The Soul Rebels had gone out to stake their own territory, with the reggae and the hip-hop thing. Then Hollywood arrived. A guy named Ron Seidelberg from Hollywood Records came in and said, “I want a band that mixes rap and brass band.” So he went and gave Coolbone a quarter of a million dollars to make a record. Historically, Coolbone was created with this guy from out of town having the concept of mixing these elements. He hired some people to rap for them. Coolbone was an offshoot of the Soul Rebels; Steve Johnson, the trombone-playing leader, and his brother Ronell, another trombone player, had both been in the Soul Rebels.
There really was a boom in the mid-nineties; it was a golden era for this new style of music. I’m wondering where we go from here. Nowadays, a lot of the bands sound the same—you take
a pop tune, and you do it in brass band style. The big stylistic leap was taken by the Dirty Dozen. But where else can it possibly go?
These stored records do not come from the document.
(* Let $0<\gamma\le\frac{1-\beta}{(1+\beta)^2\Phi_{\max}^2}$, let $z_0=\theta_0-\theta^\star$, and for $t\ge1$ let $C^{t:1}=(I-\gamma a_t)(I-\gamma a_{t-1})\cdots(I-\gamma a_1)$. Then for all $t\ge1$, $$\mathbb E\big[\|C^{t:1}z_0\|_2^2\big]\le(1-\gamma(1-\beta)\mu')^t\,\mathbb E\big[\|z_0\|_2^2\big]\le\exp(-\gamma(1-\beta)\mu't)\,\mathbb E\big[\|z_0\|_2^2\big].$$
   Context: Setting. Let $\mathcal S=\{1,\dots,n\}$ be a finite state space and $\mathcal A$ a finite action space; fix a stationary randomized policy $\pi$, transition probabilities $P(s'|s,a)$, a reward function $r$ with $|r(s,a)|\le R_{\max}$, and a discount factor $\beta\in(0,1)$. Let $P^\pi(s,s')=\sum_a\pi(s,a)P(s'|s,a)$, assumed irreducible with stationary distribution $\rho$, $D=\mathrm{diag}(\rho)$. Features $\phi:\mathcal S\to\mathbb R^d$ with $\|\phi(s)\|_2\le\Phi_{\max}$, $\Phi\in\mathbb R^{n\times d}$ with rows $\phi(s)^\top$ of full column rank, $R(s)=\sum_a\pi(s,a)r(s,a)$, $A=\Phi^\top D(I-\beta P^\pi)\Phi$, $b=\Phi^\top DR$, $\theta^\star=A^{-1}b$, $B=\sum_s\rho(s)\phi(s)\phi(s)^\top$ with minimum eigenvalue $\mu'>0$. Samples $(s_t,a_t,r_t,s'_t)_{t\ge1}$ i.i.d. with $s_t\sim\rho$, $a_t\sim\pi(s_t,\cdot)$, $r_t=r(s_t,a_t)$, $s'_t\sim P(\cdot|s_t,a_t)$, independent of the initial parameter $\theta_0$; $a_t=\phi(s_t)\phi(s_t)^\top-\beta\phi(s_t)\phi(s'_t)^\top$. *)

theory Defs
  imports "HOL-Probability.Probability"
begin

definition outer :: "real^'d \<Rightarrow> real^'d \<Rightarrow> real^'d^'d" where
  "outer u v = (\<chi> i j. u $ i * v $ j)"

definition Ppi :: "('s::finite \<Rightarrow> 'a::finite \<Rightarrow> real) \<Rightarrow> ('s \<Rightarrow> 'a \<Rightarrow> 's \<Rightarrow> real) \<Rightarrow> real^'s^'s" where
  "Ppi pol P = (\<chi> s s'. \<Sum>a\<in>UNIV. pol s a * P s a s')"

definition Rvec :: "('s::finite \<Rightarrow> 'a::finite \<Rightarrow> real) \<Rightarrow> ('s \<Rightarrow> 'a \<Rightarrow> real) \<Rightarrow> real^'s" where
  "Rvec pol r = (\<chi> s. \<Sum>a\<in>UNIV. pol s a * r s a)"

definition Phimat :: "('s::finite \<Rightarrow> real^'d) \<Rightarrow> real^'d^'s" where
  "Phimat phi = (\<chi> s. phi s)"

definition Dmat :: "('s::finite \<Rightarrow> real) \<Rightarrow> real^'s^'s" where
  "Dmat rho = (\<chi> i j. if i = j then rho i else 0)"

definition Amat where
  "Amat pol P rho phi beta =
     transpose (Phimat phi) ** Dmat rho ** (mat 1 - beta *\<^sub>R Ppi pol P) ** Phimat phi"

definition bvec where
  "bvec pol r rho phi = (transpose (Phimat phi) ** Dmat rho) *v Rvec pol r"

definition theta_star where
  "theta_star pol P r rho phi beta = matrix_inv (Amat pol P rho phi beta) *v bvec pol r rho phi"

definition Bmat :: "('s::finite \<Rightarrow> real) \<Rightarrow> ('s \<Rightarrow> real^'d::finite) \<Rightarrow> real^'d^'d" where
  "Bmat rho phi = (\<Sum>s\<in>UNIV. rho s *\<^sub>R outer (phi s) (phi s))"

definition min_eigenvalue :: "real^'d::finite^'d \<Rightarrow> real" where
  "min_eigenvalue M = Min {l. \<exists>v. v \<noteq> 0 \<and> M *v v = l *\<^sub>R v}"

definition a_mat :: "('s \<Rightarrow> real^'d::finite) \<Rightarrow> real \<Rightarrow> 's \<times> 'a \<times> 's \<Rightarrow> real^'d^'d" where
  "a_mat phi beta x = (case x of (s, a, s') \<Rightarrow> outer (phi s) (phi s) - beta *\<^sub>R outer (phi s) (phi s'))"

primrec Cprod :: "('s \<Rightarrow> real^'d::finite) \<Rightarrow> real \<Rightarrow> real \<Rightarrow> (nat \<Rightarrow> 's \<times> 'a \<times> 's) \<Rightarrow> nat \<Rightarrow> real^'d^'d" where
  "Cprod phi beta gamma w 0 = mat 1"
| "Cprod phi beta gamma w (Suc t) = (mat 1 - gamma *\<^sub>R a_mat phi beta (w (Suc t))) ** Cprod phi beta gamma w t"

end

theory Submission
  imports Defs
begin

text \<open>For fixed \<open>y\<close>, expanding \<open>norm ((I - g a) y)^2\<close> and bounding the cross term
  \<open>beta (phi s \<bullet> y) (phi s' \<bullet> y)\<close> by AM-GM leaves only the squares \<open>(phi s \<bullet> y)^2\<close> and
  \<open>(phi s' \<bullet> y)^2\<close>. Both \<open>s\<close> and \<open>s'\<close> have law \<open>rho\<close> (the latter by stationarity), so in
  expectation both become \<open>y \<bullet> B y \<ge> mu' (norm y)^2\<close>, and the step size condition yields
  \<open>E (norm ((I - g a) y)^2) \<le> (1 - g (1 - beta) mu') (norm y)^2\<close>. Since the samples are
  independent, integrating out the newest sample first iterates this bound along the product
  \<open>Cprod\<close>; Tonelli over the initial parameter and \<open>1 + x \<le> exp x\<close> finish the proof.\<close>

lemma outer_mult_vector: "outer u v *v y = (v \<bullet> y) *\<^sub>R u"
  by (simp add: vec_eq_iff outer_def matrix_vector_mult_def inner_vec_def sum_distrib_left mult_ac)

lemma a_mat_mult_vector:
  "a_mat phi beta (s, a, s') *v y = ((phi s - beta *\<^sub>R phi s') \<bullet> y) *\<^sub>R phi s"
  by (simp add: a_mat_def matrix_vector_mult_diff_rdistrib outer_mult_vector
      scaleR_matrix_vector_assoc[symmetric] inner_diff_left algebra_simps)

lemma norm_td_step_sq_le:
  fixes y :: "real^'d::finite"
  assumes "norm (phi s) \<le> Phimax" "0 < g" "0 < beta"
  shows "(norm ((mat 1 - g *\<^sub>R a_mat phi beta (s, a, s')) *v y))^2 \<le>
    (norm y)^2 + (- 2 * g + g * beta + g^2 * Phimax^2 * (1 + beta)) * (phi s \<bullet> y)^2
      + (g * beta + g^2 * Phimax^2 * (1 + beta) * beta) * (phi s' \<bullet> y)^2"
proof -
  define X X' where "X = phi s \<bullet> y" and "X' = phi s' \<bullet> y"
  define c where "c = X - beta * X'"
  have cross: "- 2 * g * c * X \<le> - 2 * g * X^2 + g * beta * (X^2 + X'^2)"
  proof -
    have "g * beta * (2 * X * X') \<le> g * beta * (X^2 + X'^2)"
      using assms by (intro mult_left_mono) (auto simp: sum_squares_bound)
    then show ?thesis by (simp add: c_def algebra_simps power2_eq_square)
  qed
  have "c^2 \<le> (1 + beta) * (X^2 + beta * X'^2)"
    using mult_nonneg_nonneg[OF less_imp_le[OF \<open>0 < beta\<close>] zero_le_power2[of "X + X'"]]
    by (simp add: c_def algebra_simps power2_eq_square)
  then have "g^2 * Phimax^2 * c^2 \<le> g^2 * Phimax^2 * ((1 + beta) * (X^2 + beta * X'^2))"
    by (intro mult_left_mono) auto
  moreover have "g^2 * c^2 * (norm (phi s))^2 \<le> g^2 * c^2 * Phimax^2"
    using assms(1) by (intro mult_left_mono power_mono) auto
  ultimately have quad: "g^2 * c^2 * (norm (phi s))^2 \<le> g^2 * Phimax^2 * ((1 + beta) * (X^2 + beta * X'^2))"
    by (simp add: mult_ac)
  have "(norm ((mat 1 - g *\<^sub>R a_mat phi beta (s, a, s')) *v y))^2 = (norm (y - (g * c) *\<^sub>R phi s))^2"
    by (simp add: matrix_vector_mult_diff_rdistrib scaleR_matrix_vector_assoc[symmetric]
        a_mat_mult_vector c_def X_def X'_def inner_diff_left)
  also have "\<dots> = (norm y)^2 - 2 * g * c * X + g^2 * c^2 * (norm (phi s))^2"
    unfolding power2_norm_eq_inner X_def
    by (simp add: inner_diff_left inner_diff_right inner_commute algebra_simps power2_eq_square)
  also have "\<dots> \<le> (norm y)^2 + (- 2 * g * X^2 + g * beta * (X^2 + X'^2))
      + g^2 * Phimax^2 * ((1 + beta) * (X^2 + beta * X'^2))"
    using cross quad by linarith
  also have "\<dots> = (norm y)^2 + (- 2 * g + g * beta + g^2 * Phimax^2 * (1 + beta)) * X^2
      + (g * beta + g^2 * Phimax^2 * (1 + beta) * beta) * X'^2"
    by (simp add: algebra_simps)
  finally show ?thesis
    by (simp only: X_def X'_def)
qed

lemma symmetric_matrix_inner:
  fixes M :: "real^'n^'n"
  assumes "transpose M = M"
  shows "(M *v x) \<bullet> y = x \<bullet> (M *v y)"
proof -
  have "(M *v x) \<bullet> y = (x v* transpose M) \<bullet> y" by simp
  also have "\<dots> = x \<bullet> (M *v y)" by (simp only: dot_lmul_matrix assms)
  finally show ?thesis .
qed

lemma finite_eigenvalues_symmetric:
  fixes M :: "real^'n^'n"
  assumes "transpose M = M"
  shows "finite {l. \<exists>v. v \<noteq> 0 \<and> M *v v = l *\<^sub>R v}" (is "finite ?E")
proof -
  define ev where "ev l = (SOME v. v \<noteq> 0 \<and> M *v v = l *\<^sub>R v)" for l
  have ev: "ev l \<noteq> 0 \<and> M *v ev l = l *\<^sub>R ev l" if "l \<in> ?E" for l
    unfolding ev_def using that someI_ex[of "\<lambda>v. v \<noteq> 0 \<and> M *v v = l *\<^sub>R v"] by auto
  have inj: "inj_on ev ?E"
  proof (rule inj_onI)
    fix l1 l2 assume l: "l1 \<in> ?E" "l2 \<in> ?E" "ev l1 = ev l2"
    have "l1 *\<^sub>R ev l1 = l2 *\<^sub>R ev l1" using ev[OF l(1)] ev[OF l(2)] l(3) by metis
    then show "l1 = l2" using ev[OF l(1)] by simp
  qed
  have orth: "orthogonal (ev l1) (ev l2)" if l: "l1 \<in> ?E" "l2 \<in> ?E" "ev l1 \<noteq> ev l2" for l1 l2
  proof -
    have "l1 * (ev l1 \<bullet> ev l2) = (M *v ev l1) \<bullet> ev l2" using ev[OF l(1)] by simp
    also have "\<dots> = ev l1 \<bullet> (M *v ev l2)" by (rule symmetric_matrix_inner[OF assms])
    also have "\<dots> = l2 * (ev l1 \<bullet> ev l2)" using ev[OF l(2)] by simp
    finally have "(l1 - l2) * (ev l1 \<bullet> ev l2) = 0" by (simp add: algebra_simps)
    moreover have "l1 \<noteq> l2" using l(3) by auto
    ultimately show ?thesis by (simp add: orthogonal_def)
  qed
  have "pairwise orthogonal (ev ` ?E)" using orth by (auto simp: pairwise_def)
  moreover have "0 \<notin> ev ` ?E" using ev by force
  ultimately have "independent (ev ` ?E)" by (rule pairwise_orthogonal_independent)
  then have "finite (ev ` ?E)" by (rule independent_imp_finite)
  then show ?thesis using inj by (rule finite_imageD)
qed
Around there was this feeling that it was going to blow up on a national level, in media terms. People would come onto the radio station when I was doing the Brass Band Jam program and say, “We want brass bands to be as big as rap.” They had this hard funky street sound, more bass—it was happening to pop music all over America.
There’s so much doubling up of musicians; sometimes it’s as if there’s just one huge band. When things happen, like three of the Rebirth leaving to join the New Birth, the whole thing starts to become pretty indistinguishable.
A Note on Ernest “Doc” Paulin, Trumpet
BORN: Wallace, Louisiana, June 26, 1906
Provided constant work throughout the years to many young musicians
Doc Paulin, 2001 Photo by Brian Wood
Doc Paulin moved to New Orleans in the same year he started to play the trumpet, 1922. He formed his first band in 1928 and continued to lead nonunion brass bands, mainly at uptown parades, for an incredible seventy years or so. Many well-known musicians worked for Doc Paulin in their younger days: Tuba Fats, Flo Anckle, Gregg Stafford, Michael White, and Big Al Carson among them. But as time went on and Doc’s six sons were able to play well enough, the band became increasingly a family affair. Edgar Smith, tuba player, recalled, “Instead of paying us twenty dollars, Doc could pay his kids ten dollars and tell them to go to bed.”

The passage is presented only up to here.